I live in a rural area and my only other option i am aware of is the pets mart in traverse city michigan about 30 minutes away. I'm not a super big fan of this store and am kinda scared of buying my next mouse there. I don't like the idea a mass produced pets and i've heard horror stories about their treatment and conditions at rodent farms they come from. And would prefer another young mouse that i can bond with as it grows and a female this time because louis goes through phases where he will pee on my everytime i hold him for a week then chill out on it for a few weeks ( is this possibly a hormone thing or random?)
So my main question is weather it is a good or bad idea to buy from pets mart or how would i go about finding a breeder in a reasonable distance in advance from the time i want to actually purchase a pet. And do people ever ship mice if i cannot find a local breeder? I spend quite a bit of money on louis and would do so for any mouse but i wonder about buying a cool breed.

Any advice and thoughts welcomed thank you for your time.

Hanna


----------



## Cait (Oct 3, 2008)

If you can get a mouse from a good breeder I would recommend that over a shop. US breeders do ship within the US but it's usually for a quantity of mice (not just one or two) and costs approx $100-150. They do have occasional shows and meet ups where mice are for sale. You might want to check out Fancy Mice Breeders Association group on Facebook for some help and pointers to local breeders.

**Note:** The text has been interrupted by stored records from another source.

lemma kron_shiftP_one_mat: "kron_mat (shiftP N) (1\<^sub>m n) = shift_mat (n * N) n"
proof (rule eq_matI)
  fix i j assume "i < dim_row (shift_mat (n * N) n)" "j < dim_col (shift_mat (n * N) n)"
  hence ij: "i < n * N" "j < n * N" by (auto simp: shift_mat_def)
  hence "n > 0" by (cases n) auto
  moreover have "i div n < N" "j div n < N"
    using ij by (auto simp: less_mult_imp_div_less mult.commute)
  moreover have "(i div n = j div n + 1 \<and> i mod n = j mod n) \<longleftrightarrow> i = j + n"
    using \<open>n > 0\<close> by (metis add.commute div_mult_mod_eq mod_add_self2 div_add_self2
        less_numeral_extra(3) add_mult_distrib2 nat_mult_1_right)
  ultimately show "kron_mat (shiftP N) (1\<^sub>m n) $$ (i, j) = shift_mat (n * N) n $$ (i, j)"
    using ij by (auto simp: kron_mat_def shiftP_def shift_mat_def mult.commute)
qed (auto simp: kron_mat_def shiftP_def shift_mat_def mult.commute)

lemma dim_kron_vec [simp]: "dim_vec (kron_vec a b) = dim_vec a * dim_vec b"
  by (simp add: kron_vec_def)

lemma index_kron_vec_unit_vec:
  assumes x: "x \<in> carrier_vec n" and i: "i < n * N"
  shows "kron_vec (unit_vec N t) x $ i = (if i div n = t then x $ (i mod n) else 0)"
proof -
  have "i div n < N" using i by (auto simp: less_mult_imp_div_less mult.commute)
  thus ?thesis using x i by (auto simp: kron_vec_def mult.commute unit_vec_def)
qed

lemma kron_vec_unit_vec_carrier [simp]:
  "x \<in> carrier_vec n \<Longrightarrow> kron_vec (unit_vec N t) x \<in> carrier_vec (n * N)"
  by (auto simp: kron_vec_def mult.commute)

lemma shift_mat_mult_kron_vec_unit_vec:
  assumes x: "x \<in> carrier_vec n"
  shows "shift_mat (n * N) n *\<^sub>v kron_vec (unit_vec N t) x = kron_vec (unit_vec N (Suc t)) x"
proof (rule eq_vecI)
  fix i assume "i < dim_vec (kron_vec (unit_vec N (Suc t)) x)"
  hence i: "i < n * N" using x by (simp add: mult.commute)
  let ?w = "kron_vec (unit_vec N t) x"
  have "(shift_mat (n * N) n *\<^sub>v ?w) $ i = (\<Sum>j<n * N. (if i = j + n then 1 else 0) * ?w $ j)"
    using i x by (simp add: shift_mat_def scalar_prod_def lessThan_atLeast0 mult.commute)
  also have "\<dots> = (\<Sum>j<n * N. if j = i - n then (if n \<le> i then ?w $ (i - n) else 0) else 0)"
    by (rule sum.cong) auto
  also have "\<dots> = (if n \<le> i then ?w $ (i - n) else 0)" using i by auto
  also have "\<dots> = kron_vec (unit_vec N (Suc t)) x $ i"
  proof (cases "n \<le> i")
    case True
    have "n > 0" using i by (cases n) auto
    then have "i div n = (i - n) div n + 1" "i mod n = (i - n) mod n"
      using True by (simp_all add: le_div_geq le_mod_geq)
    then show ?thesis
      using True i index_kron_vec_unit_vec[OF x i] index_kron_vec_unit_vec[OF x, of "i - n" N t] by auto
  qed (use index_kron_vec_unit_vec[OF x i] in auto)
  finally show "(shift_mat (n * N) n *\<^sub>v ?w) $ i = kron_vec (unit_vec N (Suc t)) x $ i" .
qed (use x in \<open>auto simp: shift_mat_def\<close>)

lemma kron_vec_unit_vec_beyond:
  assumes "x \<in> carrier_vec n" and "N \<le> t"
  shows "kron_vec (unit_vec N t) x = 0\<^sub>v (n * N)"
proof (rule eq_vecI)
  fix i assume "i < dim_vec (0\<^sub>v (n * N))"
  hence i: "i < n * N" by simp
  hence "i div n < N" by (auto simp: less_mult_imp_div_less mult.commute)
  thus "kron_vec (unit_vec N t) x $ i = 0\<^sub>v (n * N) $ i"
    using index_kron_vec_unit_vec[OF assms(1) i] i assms(2) by auto
qed (use assms in simp)

lemma kron_vec_unit_vec_unit_vec:
  assumes i: "i < n"
  shows "kron_vec (unit_vec N t) (unit_vec n i) = unit_vec (n * N) (t * n + i)"
proof (rule eq_vecI)
  fix k assume "k < dim_vec (unit_vec (n * N) (t * n + i))"
  hence k: "k < n * N" by simp
  have "(k div n = t \<and> k mod n = i) \<longleftrightarrow> k = t * n + i"
    using i by (metis add.commute div_mult_mod_eq mod_mult_self2 mod_less div_mult_self1 div_less
        add_0 gr_implies_not0 mult.commute)
  thus "kron_vec (unit_vec N t) (unit_vec n i) $ k = unit_vec (n * N) (t * n + i) $ k"
    using index_kron_vec_unit_vec[OF unit_vec_carrier k] i k by (auto simp: unit_vec_def)
qed (auto simp: kron_vec_def mult.commute)
text \<open>
  If \<open>z\<close> is an admissible field (\<open>C\<^sup>1\<close>, compactly supported, \<open>|z|\<^sub>\<infinity> \<le> 1\<close>) with \<open>|div z| \<le> \<lambda>\<close>, then
  pointwise \<open>-f div z \<le> -v div z + \<lambda> |v - f|\<close>, hence \<open>E(v; f, \<lambda>) \<ge> -\<integral> f div z\<close> for every \<open>v\<close>.
  With \<open>s = 1/\<lambda>\<close> take \<open>z\<^sub>i(x) = -clamp(x\<^sub>i / A(x\<^sub>j))\<close>, where \<open>A = 2s\<close> near the axis \<open>x\<^sub>j = 0\<close> and
  \<open>A = s\<close> away from it (all corners smoothed at scale \<open>d\<close>). Both terms of \<open>-div z\<close> are active only
  near the origin, where each is \<open>1/(2s)\<close>, so \<open>|div z| \<le> 1/s = \<lambda>\<close>. Slicing \<open>U\<close> along horizontal and
  vertical chords, on which \<open>z\<close> is saturated at the endpoints, gives \<open>-\<integral>\<^sub>U div z \<approx> 8h\<close>; on the caps
  \<open>B - U\<close> one coordinate exceeds \<open>h\<close>, so the other is below \<open>s\<close> and \<open>-div z = 1/s\<close>. Hence
  \<open>E(v) \<ge> 8h + \<lambda> |B - U|\<close> as \<open>d \<rightarrow> 0\<close>, while the same slicing shows \<open>TV(\<chi>\<^sub>U) \<le> 8h\<close>.
\<close>

section \<open>Slicing integrals over the plane\<close>

definition hline :: "real \<times> real \<Rightarrow> real^2" where
  "hline p = (\<chi> k. if k = 1 then snd p else fst p)"

definition vline :: "real \<times> real \<Rightarrow> real^2" where
  "vline p = (\<chi> k. if k = 2 then snd p else fst p)"

lemma hline_nth [simp]: "hline p $ 1 = snd p" "hline p $ 2 = fst p"
  by (auto simp: hline_def)

lemma vline_nth [simp]: "vline p $ 2 = snd p" "vline p $ 1 = fst p"
  by (auto simp: vline_def)

lemma exhaust_2_cases: "(i::2) = 1 \<or> i = 2"
  using exhaust_2 by metis

lemma vec2_eq_iff: "(x::real^2) = y \<longleftrightarrow> x$1 = y$1 \<and> x$2 = y$2"
  by (auto simp: vec_eq_iff forall_2)

lemma hline_eq: "hline (y, t) = hline (y, 0) + t *\<^sub>R axis 1 1"
  by (simp add: vec2_eq_iff axis_def)

lemma vline_eq: "vline (y, t) = vline (y, 0) + t *\<^sub>R axis 2 1"
  by (simp add: vec2_eq_iff axis_def)

lemma continuous_on_hline: "continuous_on UNIV hline"
  unfolding hline_def
proof (rule continuous_on_vec_lambda)
  show "continuous_on UNIV (\<lambda>p. if k = 1 then snd p else fst p)" for k
    by (cases "k = 1") (simp_all add: continuous_on_fst continuous_on_snd)
qed

lemma continuous_on_vline: "continuous_on UNIV vline"
  unfolding vline_def
proof (rule continuous_on_vec_lambda)
  show "continuous_on UNIV (\<lambda>p. if k = 2 then snd p else fst p)" for k
    by (cases "k = 2") (simp_all add: continuous_on_fst continuous_on_snd)
qed

lemma hline_measurable: "hline \<in> borel_measurable (lborel \<Otimes>\<^sub>M lborel)"
  unfolding lborel_prod measurable_lborel2
  using continuous_on_hline by (rule borel_measurable_continuous_onI)

lemma vline_measurable: "vline \<in> borel_measurable (lborel \<Otimes>\<^sub>M lborel)"
  unfolding lborel_prod measurable_lborel2
  using continuous_on_vline by (rule borel_measurable_continuous_onI)

lemma box_cart2: "box (l::real^2) u = {x. l$1 < x$1 \<and> x$1 < u$1 \<and> l$2 < x$2 \<and> x$2 < u$2}"
  by (auto simp: mem_box_cart forall_2)

lemma Basis_cart2: "(Basis :: (real^2) set) = {axis 1 1, axis 2 1}"
  by (auto simp: Basis_vec_def UNIV_2)

lemma prod_Basis_cart2: "(\<Prod>b\<in>(Basis :: (real^2) set). f b) = f (axis 1 1) * f (axis 2 1)"
proof -
  have "axis 1 (1::real) \<noteq> (axis 2 1 :: real^2)"
    by (simp add: axis_eq_axis)
  then show ?thesis
    unfolding Basis_cart2 by simp
qed

lemma distr_lborel_hline: "distr (lborel \<Otimes>\<^sub>M lborel) borel hline = lborel"
proof (rule lborel_eqI[symmetric])
  fix l u :: "real^2"
  assume le: "\<And>b. b \<in> Basis \<Longrightarrow> l \<bullet> b \<le> u \<bullet> b"
  have "hline -` box l u \<inter> space (lborel \<Otimes>\<^sub>M lborel) = box (l$2) (u$2) \<times> box (l$1) (u$1)"
    by (auto simp: box_cart2 space_pair_measure)
  then show "emeasure (distr (lborel \<Otimes>\<^sub>M lborel) borel hline) (box l u) = (\<Prod>b\<in>Basis. (u - l) \<bullet> b)"
    using le[of "axis 1 1"] le[of "axis 2 1"] unfolding prod_Basis_cart2
    by (simp add: emeasure_distr lborel.emeasure_pair_measure_Times inner_axis Basis_cart2
        ennreal_mult' mult.commute hline_measurable)
qed simp

lemma distr_lborel_vline: "distr (lborel \<Otimes>\<^sub>M lborel) borel vline = lborel"
proof (rule lborel_eqI[symmetric])
  fix l u :: "real^2"
  assume le: "\<And>b. b \<in> Basis \<Longrightarrow> l \<bullet> b \<le> u \<bullet> b"
  have "vline -` box l u \<inter> space (lborel \<Otimes>\<^sub>M lborel) = box (l$1) (u$1) \<times> box (l$2) (u$2)"
    by (auto simp: box_cart2 space_pair_measure)
  then show "emeasure (distr (lborel \<Otimes>\<^sub>M lborel) borel vline) (box l u) = (\<Prod>b\<in>Basis. (u - l) \<bullet> b)"
    using le[of "axis 1 1"] le[of "axis 2 1"] unfolding prod_Basis_cart2
    by (simp add: emeasure_distr lborel.emeasure_pair_measure_Times inner_axis Basis_cart2
        ennreal_mult' mult.commute vline_measurable)
qed simp

lemma mem_cbox_vector2:
  fixes x :: "real^2"
  shows "x \<in> cbox (vector [a, b]) (vector [c, e]) \<longleftrightarrow> a \<le> x$1 \<and> x$1 \<le> c \<and> b \<le> x$2 \<and> x$2 \<le> e"
  by (auto simp: mem_box_cart forall_2)

lemma measure_cbox_vector2:
  "a \<le> c \<Longrightarrow> b \<le> e \<Longrightarrow> measure lborel (cbox (vector [a, b]) (vector [c, e]) :: (real^2) set) = (c - a) * (e - b)"
  unfolding measure_lborel_cbox_eq prod_Basis_cart2 by (simp add: Basis_cart2 inner_axis)

lemma integrable_lebesgue_indicator:
  assumes "A \<in> fmeasurable lborel"
  shows "integrable lebesgue (indicator A :: 'a::euclidean_space \<Rightarrow> real)"
proof -
  have "integrable lborel (indicator A :: 'a \<Rightarrow> real)"
    using assms by (intro integrable_real_indicator) (auto simp: fmeasurable_def)
  then show ?thesis
    using assms by (simp add: integrable_completion fmeasurableD)
qed

lemma integrable_indicator_times_continuous:
  fixes g :: "real^2 \<Rightarrow> real"
  assumes "compact R" "continuous_on UNIV g"
  shows "integrable lebesgue (\<lambda>x. indicator R x * g x)"
proof -
  have "(\<lambda>x. indicator R x * g x) \<in> borel_measurable borel"
    using assms
    by (intro borel_measurable_times borel_measurable_indicator borel_measurable_continuous_onI)
      (auto intro: borel_compact)
  moreover have "integrable lborel (\<lambda>x. indicator R x * g x)"
    using borel_integrable_compact[OF assms(1), of g] assms(2) by (simp add: continuous_on_subset)
  ultimately show ?thesis
    by (simp add: integrable_completion)
qed

text \<open>Fubini along the lines \<open>t \<mapsto> e (y, t)\<close>, then the fundamental theorem of calculus on
  each chord \<open>[-w y, w y]\<close> of \<open>R\<close>.\<close>

lemma integral_derivative_by_slices:
  fixes e :: "real \<times> real \<Rightarrow> real^2" and g g' :: "real^2 \<Rightarrow> real" and R :: "(real^2) set"
  assumes distr_e: "distr (lborel \<Otimes>\<^sub>M lborel) borel e = lborel"
    and e_meas: "e \<in> borel_measurable (lborel \<Otimes>\<^sub>M lborel)"
    and e_cont: "continuous_on UNIV e"
    and deriv: "\<And>y t. ((\<lambda>t. g (e (y, t))) has_real_derivative g' (e (y, t))) (at t)"
    and g'_cont: "continuous_on UNIV g'"
    and R: "compact R"
    and chord: "\<And>y t. e (y, t) \<in> R \<longleftrightarrow> \<bar>y\<bar> \<le> H \<and> \<bar>t\<bar> \<le> w y"
    and w_nonneg: "\<And>y. \<bar>y\<bar> \<le> H \<Longrightarrow> 0 \<le> w y"
  shows "(\<integral>x. indicator R x * g' x \<partial>lebesgue)
       = (\<integral>y. indicator {-H..H} y * (g (e (y, w y)) - g (e (y, - w y))) \<partial>lborel)"
proof -
  let ?f = "\<lambda>x. indicator R x * g' x"
  have f_meas: "?f \<in> borel_measurable borel"
    using R g'_cont
    by (intro borel_measurable_times borel_measurable_indicator borel_measurable_continuous_onI)
      (auto intro: borel_compact)
  have "integrable (distr (lborel \<Otimes>\<^sub>M lborel) borel e) ?f"
    using borel_integrable_compact[OF R, of g'] g'_cont distr_e by (simp add: continuous_on_subset)
  then have f_int: "integrable (lborel \<Otimes>\<^sub>M lborel) (\<lambda>p. ?f (e p))"
    using f_meas e_meas by (subst (asm) integrable_distr_eq) auto
  have chord_integral: "(\<integral>t. ?f (e (y, t)) \<partial>lborel)
      = indicator {-H..H} y * (g (e (y, w y)) - g (e (y, - w y)))" for y
  proof (cases "\<bar>y\<bar> \<le> H")
    case True
    have "continuous_on UNIV (\<lambda>t. g' (e (y, t)))"
      by (intro continuous_on_compose2[OF g'_cont] continuous_on_compose2[OF e_cont])
        (auto intro!: continuous_intros)
    then have "(\<integral>t. g' (e (y, t)) * indicator {- w y .. w y} t \<partial>lborel) = g (e (y, w y)) - g (e (y, - w y))"
      using w_nonneg[OF True] deriv
      by (intro integral_FTC_Icc_real) (auto simp: continuous_on_eq_continuous_at)
    moreover have "(\<integral>t. ?f (e (y, t)) \<partial>lborel) = (\<integral>t. g' (e (y, t)) * indicator {- w y .. w y} t \<partial>lborel)"
      using True by (intro Bochner_Integration.integral_cong) (auto simp: chord indicator_def abs_le_iff)
    ultimately show ?thesis
      using True by (simp add: indicator_def abs_le_iff)
  next
    case False
    then show ?thesis
      by (auto simp: chord indicator_def abs_le_iff)
  qed
  have "(\<integral>x. ?f x \<partial>lebesgue) = (\<integral>x. ?f x \<partial>distr (lborel \<Otimes>\<^sub>M lborel) borel e)"
    using f_meas distr_e by (simp add: integral_completion)
  also have "\<dots> = (\<integral>p. ?f (e p) \<partial>(lborel \<Otimes>\<^sub>M lborel))"
    using f_meas e_meas by (intro integral_distr) auto
  also have "\<dots> = (\<integral>y. (\<integral>t. ?f (e (y, t)) \<partial>lborel) \<partial>lborel)"
    using f_int by (rule lborel_pair.integral_fst'[symmetric])
  finally show ?thesis
    by (simp add: chord_integral)
qed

Also, if you want to get female mice (does) you will need more than one as they are social


----------



## reeserueryn (Apr 13, 2015)

yes definitely a breeder if you can. Actually ive been looking into shipping myself, I think ill start a forum on that im quite interested.


----------



## raisin (Sep 22, 2014)

another option is to find someone perhaps on craigslist or similar who has bred their pets. There are plenty of people who just have a litter to show their kids, then need to get rid of the offspring. Also an animal shelter might take in small mammals (they might keep them in the back room, so ask them).


----------



## Amtma Mousery (Jan 29, 2015)

I did. Now, I willn't.


----------



## Athiena146 (Jun 1, 2016)

I used too, but kept them in quarentine for a month to make sure they didn't have anything. Honestly not all are bad, the one i used to be near was decent and took care of theirs. Whereas a breeder i went to i would find dead mice in their cages.


----------



## Northern Appalachian (Jun 28, 2017)

A adopted a mouse that Petsmart was hosting for the shelter, he was a bit of an exception though. Amazing conformation for an oops baby.


----------